Active application, process and window service resources are operated by 4 elements below.

  • MonitorInterval
    Monitors the resource with interval set value. (Default Value=10sec)

  • MonitorTimeout
    If there is no reply as much as the set value, it is considered as a failure. (Default Value=10sec)

  • RestartLimit
    It will restart the application resource as the set value. (Default Value=0)

  • OnlieTrustTime
    It re-sets the time of number of resource restarting number.It is the time to reset the frequency of the resource to restart. (Default Value=600sec)
    Attributes above are the set value of the registered being added the resource, and users can check or change the values through Resource Attribute view of MCCS console. 


    [Figure] Resource attribute value Edit

  1. MCCS periodically monitors the resources referring  'MonitorInterval'.

  2. If there is no response as the time set in 'MonitorTimeout', it is considered as a failure.

  3. If there are no response after sending the command as the number set in 'RestartLimit', MCCS will failover the group which resource belongs to.

  4. If the resource stays in normal state within the time limit set by 'OnlineTrustTime'. MCCS will initialize the attribute value of 'RestartLimit'. This is to ensure restart number when failure occurs in a resource.

  5. If there is a failover due to a failure in the resource, server operator checks on the problem and put it back to normal.

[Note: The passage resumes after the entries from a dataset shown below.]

lemma middle_nuclear_loop_inv_left:
  assumes a: "a \<in> L" and middle: "\<And>u z. u \<in> L \<Longrightarrow> z \<in> L \<Longrightarrow> u \<cdot> (a \<cdot> z) = (u \<cdot> a) \<cdot> z"
    and y: "y \<in> L" and z: "z \<in> L"
  shows "loop_inv a \<cdot> (y \<cdot> z) = (loop_inv a \<cdot> y) \<cdot> z"
proof -
  define q where "q = loop_inv a \<cdot> y"
  have q: "q \<in> L" and inv_q: "loop_inv q = loop_inv y \<cdot> a"
    using a y loop_inv_mult[of "loop_inv a" y] by (simp_all add: q_def)
  have "loop_inv q \<cdot> (loop_inv a \<cdot> (y \<cdot> z)) = loop_inv y \<cdot> (a \<cdot> (loop_inv a \<cdot> (y \<cdot> z)))"
    using middle[of "loop_inv y" "loop_inv a \<cdot> (y \<cdot> z)"] inv_q a y z by simp
  also have "\<dots> = z"
    using a y z by simp
  finally have "q \<cdot> (loop_inv q \<cdot> (loop_inv a \<cdot> (y \<cdot> z))) = q \<cdot> z"
    by simp
  then show ?thesis
    using q a y z by (simp add: q_def)
qed

lemma middle_nuclear_loop_inv_right:
  assumes a: "a \<in> L" and middle: "\<And>u z. u \<in> L \<Longrightarrow> z \<in> L \<Longrightarrow> u \<cdot> (a \<cdot> z) = (u \<cdot> a) \<cdot> z"
    and y: "y \<in> L" and z: "z \<in> L"
  shows "y \<cdot> (z \<cdot> loop_inv a) = (y \<cdot> z) \<cdot> loop_inv a"
proof -
  define q where "q = z \<cdot> loop_inv a"
  have q: "q \<in> L" and inv_q: "loop_inv q = a \<cdot> loop_inv z"
    using a z loop_inv_mult[of z "loop_inv a"] by (simp_all add: q_def)
  have "((y \<cdot> z) \<cdot> loop_inv a) \<cdot> loop_inv q = (((y \<cdot> z) \<cdot> loop_inv a) \<cdot> a) \<cdot> loop_inv z"
    using middle[of "(y \<cdot> z) \<cdot> loop_inv a" "loop_inv z"] inv_q a y z by simp
  also have "\<dots> = y"
    using a y z by simp
  finally have "(((y \<cdot> z) \<cdot> loop_inv a) \<cdot> loop_inv q) \<cdot> q = y \<cdot> q"
    by simp
  then show ?thesis
    using q a y z by (simp add: q_def)
qed

lemma square_in_nucleus [simp]: "x \<in> L \<Longrightarrow> x \<cdot> x \<in> N"
proof -
  assume x: "x \<in> L"
  have middle: "u \<cdot> ((loop_inv x \<cdot> loop_inv x) \<cdot> z) = (u \<cdot> (loop_inv x \<cdot> loop_inv x)) \<cdot> z"
    if "u \<in> L" "z \<in> L" for u z
    using square_middle_assoc x that by simp
  have inv_square: "loop_inv (loop_inv x \<cdot> loop_inv x) = x \<cdot> x"
    using loop_inv_mult[of "loop_inv x" "loop_inv x"] x by simp
  show ?thesis
  proof (rule nucleusI)
    fix y z assume "y \<in> L" "z \<in> L"
    then show "x \<cdot> x \<cdot> (y \<cdot> z) = x \<cdot> x \<cdot> y \<cdot> z"
      using middle_nuclear_loop_inv_left[OF _ middle] inv_square x by (metis closed loop_inv_in)
    show "y \<cdot> (x \<cdot> x \<cdot> z) = y \<cdot> (x \<cdot> x) \<cdot> z"
      using square_middle_assoc x \<open>y \<in> L\<close> \<open>z \<in> L\<close> by simp
    show "y \<cdot> (z \<cdot> (x \<cdot> x)) = y \<cdot> z \<cdot> (x \<cdot> x)"
      using middle_nuclear_loop_inv_right[OF _ middle] inv_square x \<open>y \<in> L\<close> \<open>z \<in> L\<close>
      by (metis closed loop_inv_in)
  qed (use x in simp)
qed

  6. In the MCCS web console, a user can see where the trouble occurs. After a user checks the trouble area, they must remove the Trouble sign, so that the failover function can be activated again. 

  7. After checking on the mirror role of two servers when server with the failure is rebooted, switch the server with the failure as replication target and proceed partial resync.


    [Figure] Failure in Resource Clear

Network Failure

Network failure happens when network connection has problem, such as network switch or network interface card is broken or disconnection in network cable, or ping timeout of some network and so on.

※ Since MCCS license referenced to MAC address, license should be reissued if there is a change in network interface card.

  • Service Network Failure

    If failure occurs in service network of active server, the fault mark will be shown on the network interface card resource or IP address of the node in MCCS web console, and will failover to the standby server.


    [Figure] Failure in Network Interface Card

     

  1. In the MCCS web console, you can check in which part of service network, trouble has occurred.

  2. MCCS checks network cable disconnection of server where network failure occurred, and whether ping timeout occurs from network.

  3. If IP address resource is the cause of the failure, user should check on the network switch or network interface card.
    When physical parts related to network is back to normal, select 'Clear Fault' from the MCCS console and remove fault mark in order to re-enable the failover function. 

  4. If you want the sign of failures to be removed automatically, enter a positive number in AutoFaultClearTime of the group attribute.